(Stored items)
Content starts

(* Let $k\in\mathbb{N}$, $R>0$, $S^k=\{y\in\mathbb{R}^{k+1}:|y|=R\}$, and fix $x\in\mathbb{R}^{k+1}$ with $|x|\neq R$; write $\omega=\omega(x,y)$. For every real $b$ and $\alpha=k/2+ib$, $$\int_{S^k}\omega^{\alpha}\,dS_y=\int_{S^k}\omega^{k/2}\cos(b\ln\omega)\,dS_y .$$ Moreover, for every real $b$ and every $m=0,1,2,\dots$, $$\int_{S^k}\omega^{k/2}(\ln\omega)^{2m+1}\cos(b\ln\omega)\,dS_y=0,\qquad \int_{S^k}\omega^{k/2}(\ln\omega)^{2m}\sin(b\ln\omega)\,dS_y=0,$$ and for every $\alpha\in\mathbb{C}$ $$F(\alpha):=\int_{S^k}\omega^\alpha\,dS_y=\sum_{m=0}^\infty\frac{(\alpha-k/2)^{2m}}{(2m)!}\int_{S^k}\omega^{k/2}(\ln\omega)^{2m}\,dS_y,$$ which is the Taylor expansion of the entire function $F$ at $\alpha=k/2$.
   Context: For $x\neq y$ in $\mathbb{R}^{k+1}$, $\omega(x,y)=\left|\dfrac{|x|^2-|y|^2}{|x-y|^2}\right|$. $dS_y$ is the surface measure on $S^k$. For $|x|\neq R$ and $y\in S^k$, $\omega>0$ and $\omega^\alpha=e^{\alpha\ln\omega}$. *)

theory Defs
  imports "HOL-Analysis.Analysis"
begin

definition omega :: "'a::real_normed_vector \<Rightarrow> 'a \<Rightarrow> real" where
  "omega x y = \<bar>(norm x ^ 2 - norm y ^ 2) / (norm (x - y)) ^ 2\<bar>"

text \<open>Surface measure on the sphere of radius R in an n-dimensional Euclidean space
  (n = DIM('a)), realised as the cone measure: sigma(A) = (n/R) * Lebesgue measure of
  the cone {t y. y in A, 0 < t <= 1}, i.e. the push-forward of Lebesgue measure on the
  punctured closed ball under radial projection z |-> (R/|z|) z, scaled by n/R.\<close>
definition sphere_measure :: "real \<Rightarrow> 'a::euclidean_space measure" where
  "sphere_measure R =
     scale_measure (ennreal (real DIM('a) / R))
       (distr (restrict_space lborel (cball 0 R - {0}))
              (restrict_space borel (sphere 0 R))
              (\<lambda>z. (R / norm z) *\<^sub>R z))"

definition cpow_pos :: "real \<Rightarrow> complex \<Rightarrow> complex" where
  "cpow_pos w a = exp (a * complex_of_real (ln w))"

end

(*
  For |x| <> R the weight omega(x, .) on the sphere |y| = R is the scale factor
  (|p|^2 - R^2) / |y - p|^2 of the inversion about a pole p outside the sphere (p = x, or the
  mirror image of x if x is inside) in the sphere orthogonal to |y| = R.  This inversion maps
  the sphere to itself, replaces omega by 1/omega and has Jacobian omega^k, so the weight
  omega^(k/2) makes the integral of omega^(k/2) h(ln omega) invariant under h(t) -> h(-t), and
  it vanishes for odd h.  The Jacobian is computed on the punctured ball, where the sphere
  measure is a cone measure.

  Writing omega^alpha = omega^(k/2) exp((alpha - k/2) ln omega) and integrating termwise (ln omega
  is bounded) gives the Taylor series of F at k/2, which converges everywhere; its odd
  coefficients vanish, and so does the imaginary part of F on the line Re alpha = k/2.
*)

theory Submission
  imports Defs "HOL-Complex_Analysis.Cauchy_Integral_Formula"
begin

section \<open>Inversion in a sphere\<close>

definition inversion_scale :: "'a::real_inner \<Rightarrow> real \<Rightarrow> 'a \<Rightarrow> real" where
  "inversion_scale p c y = c / (norm (y - p))\<^sup>2"

text \<open>
  Inversion about p with power c, i.e. in the sphere of radius sqrt c about p; for
  c = |p|^2 - R^2 that sphere is orthogonal to the sphere of radius R about the origin.
\<close>

definition inversion :: "'a::real_inner \<Rightarrow> real \<Rightarrow> 'a \<Rightarrow> 'a" where
  "inversion p c y = p + inversion_scale p c y *\<^sub>R (y - p)"

lemma power2_norm_diff:
  fixes a b :: "'a::real_inner"
  shows "(norm (a - b))\<^sup>2 = (norm a)\<^sup>2 - 2 * (a \<bullet> b) + (norm b)\<^sup>2"
  by (simp add: power2_norm_eq_inner inner_diff_left inner_diff_right inner_commute)

lemma power2_norm_add_scaleR:
  fixes a w :: "'a::real_inner"
  shows "(norm (a + t *\<^sub>R w))\<^sup>2 = (norm a)\<^sup>2 + 2 * t * (a \<bullet> w) + t\<^sup>2 * (norm w)\<^sup>2"
  unfolding power2_norm_eq_inner
  by (simp add: inner_add_left inner_add_right inner_commute power2_eq_square algebra_simps)

lemma norm_inversion_sphere:
  fixes u p :: "'a::real_inner"
  assumes "norm u = R" and "c = (norm p)\<^sup>2 - R\<^sup>2" and "u \<noteq> p"
  shows "norm (inversion p c u) = R"
proof -
  define d where "d = (norm (u - p))\<^sup>2"
  have "d > 0" using assms(3) by (simp add: d_def)
  have d: "d = R\<^sup>2 - 2 * (u \<bullet> p) + (norm p)\<^sup>2"
    using assms(1) by (simp add: d_def power2_norm_diff)
  have "(norm (inversion p c u))\<^sup>2 = (norm p)\<^sup>2 + 2 * (c/d) * (p \<bullet> (u - p)) + (c/d)\<^sup>2 * d"
    unfolding inversion_def inversion_scale_def power2_norm_add_scaleR d_def by simp
  also have "\<dots> = R\<^sup>2"
    using \<open>d > 0\<close> d assms(2)
    by (simp add: inner_diff_right inner_commute field_simps power2_eq_square dot_square_norm) algebra
  finally show ?thesis
    using assms(1) by (metis norm_ge_zero power2_eq_imp_eq)
qed

lemma power2_norm_inversion_diff:
  fixes u p :: "'a::real_inner"
  assumes "u \<noteq> p"
  shows "(norm (inversion p c u - p))\<^sup>2 = c\<^sup>2 / (norm (u - p))\<^sup>2"
proof -
  have "norm (u - p) > 0" using assms by simp
  moreover have "inversion p c u - p = (c / (norm (u - p))\<^sup>2) *\<^sub>R (u - p)"
    by (simp add: inversion_def inversion_scale_def)
  ultimately show ?thesis
    by (simp only: norm_scaleR) (simp add: power2_eq_square field_simps)
qed

lemma inversion_inversion:
  fixes u p :: "'a::real_inner"
  assumes "u \<noteq> p" and "c \<noteq> 0"
  shows "inversion p c (inversion p c u) = u"
  using assms unfolding inversion_def[of p c "inversion p c u"] inversion_scale_def
  by (simp add: power2_norm_inversion_diff) (simp add: inversion_def inversion_scale_def power2_eq_square)

lemma inversion_scale_inversion:
  fixes u p :: "'a::real_inner"
  assumes "u \<noteq> p" and "c \<noteq> 0"
  shows "inversion_scale p c (inversion p c u) = 1 / inversion_scale p c u"
  using assms unfolding inversion_scale_def[of p c "inversion p c u"]
  by (simp add: power2_norm_inversion_diff) (simp add: inversion_scale_def power2_eq_square)

lemma omega_eq_inversion_scale_exterior:
  fixes x u :: "'a::real_inner"
  assumes "norm u = R" and "norm x > R" and "R > 0"
  shows "omega x u = inversion_scale x ((norm x)\<^sup>2 - R\<^sup>2) u"
proof -
  have "R\<^sup>2 < (norm x)\<^sup>2" using assms by (simp add: power_strict_mono)
  then show ?thesis
    using assms(1) unfolding omega_def inversion_scale_def by (simp add: norm_minus_commute)
qed

text \<open>For an interior point x the pole is the mirror image of x in the sphere.\<close>

lemma omega_eq_inversion_scale_interior:
  fixes x u :: "'a::real_inner"
  assumes "norm u = R" and "norm x < R" and "x \<noteq> 0" and "R > 0"
  defines "p \<equiv> (R\<^sup>2 / (norm x)\<^sup>2) *\<^sub>R x"
  shows "omega x u = inversion_scale p ((norm p)\<^sup>2 - R\<^sup>2) u"
proof -
  have nx: "norm x > 0" using assms by simp
  have "(norm x)\<^sup>2 < R\<^sup>2" using assms nx by (simp add: power_strict_mono)
  have np: "norm p = R\<^sup>2 / norm x"
    unfolding p_def using nx by (simp add: power2_eq_square)
  have "(norm (u - p))\<^sup>2 = R\<^sup>2 - 2 * (R\<^sup>2 / (norm x)\<^sup>2) * (u \<bullet> x) + R^4 / (norm x)\<^sup>2"
    unfolding power2_norm_diff np p_def using assms(1) nx
    by (simp add: power2_eq_square field_simps power4_eq_xxxx)
  also have "\<dots> = (R\<^sup>2 / (norm x)\<^sup>2) * (norm (x - u))\<^sup>2"
    unfolding power2_norm_diff using assms(1) nx
    by (simp add: inner_commute field_simps power2_eq_square power4_eq_xxxx)
  finally have up: "(norm (u - p))\<^sup>2 = (R\<^sup>2 / (norm x)\<^sup>2) * (norm (x - u))\<^sup>2" .
  have "x \<noteq> u" using assms by auto
  have "omega x u = (R\<^sup>2 - (norm x)\<^sup>2) / (norm (x - u))\<^sup>2"
    unfolding omega_def using \<open>(norm x)\<^sup>2 < R\<^sup>2\<close> assms(1) by simp
  also have "\<dots> = inversion_scale p ((norm p)\<^sup>2 - R\<^sup>2) u"
    unfolding inversion_scale_def up np using nx \<open>x \<noteq> u\<close> assms(4)
    by (simp add: field_simps power2_eq_square)
  finally show ?thesis .
qed

locale sphere_inversion =
  fixes p :: "'a::real_inner" and c R :: real
  assumes radius_pos: "R > 0" and pole_outside: "norm p > R" and power_def: "c = (norm p)\<^sup>2 - R\<^sup>2"
begin

lemma power_pos: "c > 0"
  unfolding power_def using pole_outside radius_pos by (simp add: power_strict_mono)

lemma sphere_ne_pole: "norm u = R \<Longrightarrow> u \<noteq> p"
  using pole_outside by auto

lemma norm_inversion: "norm u = R \<Longrightarrow> norm (inversion p c u) = R"
  using norm_inversion_sphere[OF _ power_def sphere_ne_pole] by blast

lemma inversion_involutive: "norm u = R \<Longrightarrow> inversion p c (inversion p c u) = u"
  using inversion_inversion[OF sphere_ne_pole] power_pos by simp

lemma inversion_scale_involutive:
  "norm u = R \<Longrightarrow> inversion_scale p c (inversion p c u) = 1 / inversion_scale p c u"
  using inversion_scale_inversion[OF sphere_ne_pole] power_pos by simp

lemma inversion_scale_pos: "norm u = R \<Longrightarrow> inversion_scale p c u > 0"
  using power_pos sphere_ne_pole unfolding inversion_scale_def by auto

lemma continuous_on_inversion: "continuous_on (sphere 0 R) (inversion p c)"
  unfolding inversion_def inversion_scale_def
  by (intro continuous_intros) (use sphere_ne_pole in auto)

lemma continuous_on_inversion_scale: "continuous_on (sphere 0 R) (inversion_scale p c)"
  unfolding inversion_scale_def by (intro continuous_intros) (use sphere_ne_pole in auto)

end

lemma omega_eq_inversion_scale:
  fixes x :: "'a::real_inner"
  assumes "R > 0" and "norm x \<noteq> R" and "x \<noteq> 0"
  obtains p c where "sphere_inversion p c R" and "\<And>u. norm u = R \<Longrightarrow> omega x u = inversion_scale p c u"
proof (cases "norm x > R")
  case True
  show ?thesis
    by (rule that[of x "(norm x)\<^sup>2 - R\<^sup>2"])
      (use True assms omega_eq_inversion_scale_exterior in \<open>auto simp: sphere_inversion_def\<close>)
next
  case False
  then have "norm x < R" using assms(2) by simp
  define p where "p = (R\<^sup>2 / (norm x)\<^sup>2) *\<^sub>R x"
  have "norm x > 0" using assms(3) by simp
  then have "R < norm p"
    using \<open>norm x < R\<close> assms(1) by (simp add: p_def field_simps power2_eq_square)
  then have "sphere_inversion p ((norm p)\<^sup>2 - R\<^sup>2) R"
    using assms(1) by (simp add: sphere_inversion_def)
  then show ?thesis
    using that omega_eq_inversion_scale_interior[OF _ \<open>norm x < R\<close> assms(3,1)] unfolding p_def by blast
qed

definition householder :: "'a::real_inner \<Rightarrow> 'a \<Rightarrow> 'a" where
  "householder v h = h - (2 * (v \<bullet> h)) *\<^sub>R v"

lemma householder_add: "householder v (a + b) = householder v a + householder v b"
  and householder_scaleR: "householder v (t *\<^sub>R a) = t *\<^sub>R householder v a"
  and householder_diff: "householder v (a - b) = householder v a - householder v b"
  by (simp_all add: householder_def inner_add_right inner_diff_right algebra_simps)

lemma linear_householder: "linear (householder v)"
  by (auto simp: linear_iff householder_add householder_scaleR)

lemma householder_householder: "norm v = 1 \<Longrightarrow> householder v (householder v y) = y"
  by (simp add: householder_def inner_diff_right algebra_simps dot_square_norm)

lemma orthogonal_transformation_householder:
  "norm v = 1 \<Longrightarrow> orthogonal_transformation (householder v)"
  by (simp add: orthogonal_transformation_def linear_householder householder_def
      inner_diff_right inner_diff_left algebra_simps dot_square_norm inner_commute)

lemma householder_sgn: "householder (sgn w) y = y - (2 * (w \<bullet> y) / (norm w)\<^sup>2) *\<^sub>R w"
  by (simp add: householder_def sgn_div_norm power2_eq_square divide_inverse inverse_mult_distrib mult_ac)

lemma inner_householder_inversion:
  fixes u p :: "'a::real_inner"
  assumes "norm u = R" and "c = (norm p)\<^sup>2 - R\<^sup>2" and "u \<noteq> p"
  shows "u \<bullet> householder (sgn (u - p)) (inversion p c u) = R\<^sup>2"
proof -
  define d where "d = (norm (u - p))\<^sup>2"
  have "d > 0" using assms(3) by (simp add: d_def)
  have d: "d = R\<^sup>2 - 2 * (u \<bullet> p) + (norm p)\<^sup>2"
    using assms(1) by (simp add: d_def power2_norm_diff)
  have "u \<bullet> householder (sgn (u - p)) (inversion p c u) =
     u \<bullet> inversion p c u - 2 * (((u - p) \<bullet> inversion p c u) * ((u - p) \<bullet> u)) / d"
    unfolding householder_sgn d_def[symmetric] using \<open>d > 0\<close>
    by (simp add: inner_diff_right inner_add_right inner_commute field_simps)
  also have "\<dots> = R\<^sup>2"
    unfolding inversion_def inversion_scale_def d_def[symmetric] using \<open>d > 0\<close> d assms(1,2)
    by (simp add: inner_add_right inner_diff_right inner_diff_left inner_commute field_simps
        power2_eq_square dot_square_norm) algebra
  finally show ?thesis .
qed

Content ends

Would you please copy every line in the data that contains the word "True"?

ANSWER AREA
  case True
      (use True assms omega_eq_inversion_scale_exterior in \<open>auto simp: sphere_inversion_def\<close>)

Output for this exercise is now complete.